Give all users access to your local database by editing pg_hba.conf. You got the path from the last psql command just above. It's probably something like /etc/postgresql/12/main/pg_hba.conf. Edit it and add the following above any uncommented line (PostgreSQL uses the first match):

host    all             all        127.0.0.1/32            trust
host    all             all        ::1/128                 trust

Restart PostgreSQL for the changes to take effect:

sudo systemctl restart postgresql

Test connectivity:

psql -h localhost -U whelk whelk_dev
psql (12.5 (Ubuntu 12.5-0ubuntu0.20.04.1))
SSL connection (protocol: TLSv1.3, cipher: TLS_AES_256_GCM_SHA384, bits: 256, compression: off)
Type "help" for help.

whelk_dev=> \q

Setting up Elasticsearch

Edit /etc/elasticsearch/elasticsearch.yml. Uncomment cluster.name and set it to something unique on the network. This name is later specified when you configure the XL system.

Next, install the ICU Analysis plugin:

sudo /usr/share/elasticsearch/bin/elasticsearch-plugin install analysis-icu

Finally, (re)start Elasticsearch:

sudo systemctl restart elasticsearch

(To adjust the JVM heap size for Elasticsearch, edit /etc/elasticsearch/jvm.options and then restart Elasticsearch.)

Configuring secrets

Use librisxl/secret.properties.in as a starting point:

cd librisxl
cp secret.properties.in secret.properties
# In secret.properties, set:
# - elasticCluster to whatever you set cluster.name to in the Elasticsearch configuration above.
vim secret.properties
# Make sure kblocalhost.kb.se points to 127.0.0.1
echo '127.0.0.1 kblocalhost.kb.se' | sudo tee -a /etc/hosts

Importing test data

Run the fabric task that sets up a new Elasticsearch index and imports example data:

cd ../devops
# Make sure you have Python 3 and curl
sudo apt install python3 python3-pip curl
# Create virtual Python 3 environment for fab
python3 -m venv venv
# Activate virtual environment
source venv/bin/activate
# Install dependencies
pip install -r requirements.txt
# Create Elasticsearch index
fab conf.xl_local app.whelk.create_es_index
# Import test data
fab conf.xl_local app.whelk.import_work_example_data

Running

To start the CRUD part of the whelk, run the following commands:

*NIX-systems:

cd ../librisxl/rest
export JAVA_OPTS="-Dfile.encoding=utf-8"
../gradlew -Dxl.secret.properties=../secret.properties appRun

Windows:

$ cd $LIBRISXL/rest
$ setx JAVA_OPTS "-Dfile.encoding=utf-8"
$ ../gradlew.bat -Dxl.secret.properties=../secret.properties appRun

The system is then available on http://localhost:8180. (The OAI-PMH service is started in a similar way: just cd into oaipmh instead of rest.)

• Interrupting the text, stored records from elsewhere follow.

text \<open>
  If \<open>x\<close> is isolated, evaluation at \<open>x\<close> splits \<open>C(X) \<cong> \<real> \<times> C(X - {x})\<close>, and the ideal
  of functions vanishing at \<open>x\<close> has as its only neighbour the ideal of functions supported
  on \<open>{x}\<close>, so it is a leaf; a graph with a leaf is not triangulated. Conversely, without
  isolated points every vertex \<open>I\<close> of \<open>AG(X)\<close> vanishes on a nonempty open set \<open>U\<close>, which
  contains two points with disjoint neighbourhoods \<open>U\<^sub>1, U\<^sub>2 \<subseteq> U\<close>; bump functions give
  ideals supported in \<open>U\<^sub>1\<close> and in \<open>U\<^sub>2\<close> that form a triangle with \<open>I\<close>. Finally, a
  decomposition \<open>C(X) \<cong> \<real> \<times> S\<close> yields a minimal principal ideal of \<open>C(X)\<close>, and complete
  regularity forces its generator to be supported at a single, hence isolated, point.
\<close>

subsection \<open>The ring \<open>C(X)\<close>\<close>

lemma CX_simps:
  "carrier (CX X) = {f. continuous_map X euclideanreal f \<and> f \<in> extensional (topspace X)}"
  "f \<otimes>\<^bsub>CX X\<^esub> g = restrict (\<lambda>x. f x * g x) (topspace X)"
  "f \<oplus>\<^bsub>CX X\<^esub> g = restrict (\<lambda>x. f x + g x) (topspace X)"
  "\<one>\<^bsub>CX X\<^esub> = restrict (\<lambda>x. 1) (topspace X)"
  "\<zero>\<^bsub>CX X\<^esub> = restrict (\<lambda>x. 0) (topspace X)"
  by (simp_all add: CX_def)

To run the frontend, first set up the Libris cataloging client and the id.kb.se web app (follow the README in each):

At this point, you should have the LXLViewer cataloging client running on port 8080 and the id.kb.se app running on port 3000, but they won't work yet. Next, edit /etc/apache2/sites-enabled/000-default.conf and add the following:

<VirtualHost *:5000>
    ServerName kblocalhost.kb.se
    ProxyRequests Off
    ProxyPreserveHost On

    RewriteEngine On

    <LocationMatch "^/([bcdfghjklmnpqrstvwxz0-9]{15,16})$">
        ProxyPreserveHost Off
        RewriteCond %{HTTP_ACCEPT} (text/html|application/xhtml|\*/\*|^$)
        RewriteCond %{REQUEST_METHOD} GET
        RewriteRule ([^/]+)$ http://id.kblocalhost.kb.se:5000/$1 [P]
    </LocationMatch>

    <Location /_nuxt>
        ProxyPreserveHost Off
        ProxyPass http://id.kblocalhost.kb.se:5000/_nuxt
    </Location>
    
    ProxyPass        /katalogisering     http://localhost:8080/katalogisering                   
    ProxyPassReverse /katalogisering     http://localhost:8080/katalogisering

    ProxyPassMatch ^/vocab/(data.*) http://localhost:8180/https://id.kb.se/vocab//$1
    ProxyPass /vocab http://localhost:8180/https://id.kb.se/vocab
    ProxyPass /context.jsonld http://localhost:8180/https://id.kb.se/vocab/context

    RewriteCond %{REQUEST_METHOD} ^(POST|PUT|DELETE|OPTIONS)$
    RewriteRule ^/data(.*)$ http://localhost:8180/$1 [P,L]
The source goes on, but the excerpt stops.